Anti-cheat software is part of an endless cat-and-mouse game: developers find a way to detect and punish cheaters, who in turn try to evade detection by building better cheats. This cycle can only be halted momentarily, when either developers or cheaters manage to out-smart the other. A few years ago, a game editor managed to do exactly that, in a brilliant way.
Summer 2016, everyone is stuck to their phones playing Pokémon GO, the newest game by studio Niantic where you roam the streets to catch virtual monsters in augmented reality. Among the nearly 1 billion players who downloaded the app, inevitably came people with the intent to break the game or give themselves an unfair advantage.
How to catch cheaters?
As a multiplayer game development company, the last thing you want is to have players frustrated by a large number of cheaters who take the fun out of the game. Games that are free to download and play (like Pokémon GO) have it even worse, because hackers can easily create another account with no cost and very little effort when they get banned.
The most simple way to find the most obvious cheaters is to use a Report System. When a player sees potentially fraudulent behavior from another player, they can submit a report which will be reviewed manually by an expert from the company who can make an informed decision. This kind of human-based system is great for UX: it empowers the player to actively participate in cheat prevention instead of being frustrated by a weak anti-cheat, but it also has its limits. Indeed, it’s expensive to hire manual reviewers and the process is likely to take several hours or days, especially given that cheaters don’t wait for office hours to use their malicious software. Also, in the case of Pokémon GO where user interaction is minimal, it’s hard for a player to determine whether their opponent is a legitimately strong player or someone who used automated tools to reach a high level.

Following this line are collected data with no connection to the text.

(* Let $\mathfrak{X}=(X,\{R_0,R_1,R_2,R_3,R_4\})$ be a $4$-class association scheme with $R_1^\top=R_1$, $R_2^\top=R_2$ and $R_3^\top=R_4$. Let $\tilde R_3=R_3\cup R_4$ and $\Gamma^{(3)}=(X,\tilde R_3)$. Suppose that $\Gamma^{(3)}$ is the disjoint union of $N>1$ connected strongly regular graphs, each with valency $k$, eigenvalues $k,r,s$ with $r\neq k$, $s\neq k$, and $w$ vertices. Then the digraph $(X,R_i\cup R_3)$ has $5$ distinct eigenvalues for some $i\in\{1,2,3\}$.
   Context: An association scheme on a finite set $X$ is a partition of $X\times X$ into relations $R_0$ (diagonal), $R_1,\dots,R_d$ closed under transposition, with constant intersection numbers $p^l_{i,j}$. A strongly regular graph is a regular graph, neither complete nor edgeless, in which any two adjacent vertices have a constant number $\lambda$ of common neighbours and any two distinct nonadjacent vertices a constant number $\mu$. Eigenvalues of a (di)graph $(X,R)$ are those of its $01$ adjacency matrix. *)

theory Defs
  imports Complex_Main
begin

definition assoc_scheme :: "'a set \<Rightarrow> nat \<Rightarrow> (nat \<Rightarrow> ('a \<times> 'a) set) \<Rightarrow> bool" where
  "assoc_scheme X d R \<longleftrightarrow>
     finite X \<and>
     (\<forall>i\<le>d. R i \<noteq> {} \<and> R i \<subseteq> X \<times> X) \<and>
     (\<Union>i\<in>{..d}. R i) = X \<times> X \<and>
     (\<forall>i\<le>d. \<forall>j\<le>d. i \<noteq> j \<longrightarrow> R i \<inter> R j = {}) \<and>
     R 0 = Id_on X \<and>
     (\<forall>i\<le>d. \<exists>j\<le>d. (R i)\<inverse> = R j) \<and>
     (\<forall>i\<le>d. \<forall>j\<le>d. \<forall>l\<le>d. \<exists>p::nat. \<forall>(x, y)\<in>R l.
        card {z\<in>X. (x, z) \<in> R i \<and> (z, y) \<in> R j} = p)"

definition adj_eigenvalues :: "'a set \<Rightarrow> ('a \<times> 'a) set \<Rightarrow> complex set" where
  "adj_eigenvalues V E = {\<mu>. \<exists>v :: 'a \<Rightarrow> complex. (\<exists>x\<in>V. v x \<noteq> 0) \<and>
      (\<forall>x\<in>V. (\<Sum>y\<in>V. if (x, y) \<in> E then v y else 0) = \<mu> * v x)}"

definition srg_valency :: "'a set \<Rightarrow> ('a \<times> 'a) set \<Rightarrow> nat \<Rightarrow> bool" where
  "srg_valency V E k \<longleftrightarrow>
     finite V \<and> E \<subseteq> V \<times> V \<and> sym E \<and> irrefl E \<and>
     (\<forall>x\<in>V. card {y\<in>V. (x, y) \<in> E} = k) \<and>
     (\<exists>x\<in>V. \<exists>y\<in>V. x \<noteq> y \<and> (x, y) \<notin> E) \<and>
     E \<noteq> {} \<and>
     (\<exists>lam mu :: nat.
        (\<forall>x\<in>V. \<forall>y\<in>V. (x, y) \<in> E \<longrightarrow> card {z\<in>V. (x, z) \<in> E \<and> (y, z) \<in> E} = lam) \<and>
        (\<forall>x\<in>V. \<forall>y\<in>V. x \<noteq> y \<and> (x, y) \<notin> E \<longrightarrow> card {z\<in>V. (x, z) \<in> E \<and> (y, z) \<in> E} = mu))"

This brings us to another type of common cheat detection technique, which is rule-based detection. Here, the developers study through reverse-engineering or in-game behavior how various hacks work, and try to come up with rules which can accurately detect them without false positives. Such rules include verification of the game’s integrity (many cheats modify game assets or inject custom libraries), or measuring the number of actions made each second to expose super-human performance. Given sufficient performance and accuracy, automated detection can go as far as processing every game in real-time and banning cheaters on the fly.
However, rule-based algorithms now belong to the past thanks to the rise of machine learning which gave us ways to design extremely precise and versatile detection systems which do not rely on humans to create rules for them. One such example is the use of deep neural networks by the famous Valve Anti Cheat on multiplayer games of Counter Strike: Global Offensive, as presented by John McDonald at GDC 2018.
Still, machine learning models have one major downside: they have to rely on huge annotated datasets to be trained correctly.
The case of Pokémon GO
The limitation of needing large datasets of player traces already labeled as legitimate/cheat is usually solved by making those annotations manually or using some elementary rule-based classifier. However, both of those methods are able to reliably catch only the most obvious and simple cheats, and the more subtle and advanced ones are likely to be included among the legitimate players in the AI’s learning samples. That’s where Niantic implemented a genius design which may actually be the first of its kind in anti-cheat software.
At the game’s release, several protections were put in place to make sure Pokémon GO’s APIs would be abused as little as possible : the app’s executable was protected by SafetyNet which ensures it runs only in a trusted, non-rooted device. Also, some parts of the code were heavily obfuscated and communication with the official game servers was done using a serialized format called Protobuf, which meant that it wasn’t easy to bypass SafetyNet by reimplementing your own fake game client. After a few days, some teams of elite reverse-engineers managed to break through all of those protections, and made a custom library which was able to interact with the Pokémon GO servers. This allowed modders to create automated maps which showed the location of rare Pokémon as they were appearing, but some others with worse intentions started to grind experience points 24/7 using bots and get unfair advantages in battles. Everyone thought that was the end of it, but they were missing a crucial piece of the puzzle…
During reverse-engineering of the app, one of the fields of the main API call was some sort of complex hash which was thought to be some sort of integrity check, but people working on it quickly realized that the servers did not care whether this field was valid or not when receiving a client packet. This field was quickly dubbed Unknown6 (it was in 6th position of the Protobuf query) and illegitimate clients were simply using an empty value for it. However, a few weeks after release, Niantic servers started only accepting packets with a seemingly valid Unknown6 value. One immediate effect was that all bot traffic was immediately brought to a stop until someone could figure how this value was computed by the game :
How Unknown6 changed the world of anti-cheat
After more than three days, a team of 17 experts managed to understand and implement the code behind Unknown6. Once again, modders and cheaters thought they had won because their activities could be resumed, but the real winner of this battle was actually Niantic.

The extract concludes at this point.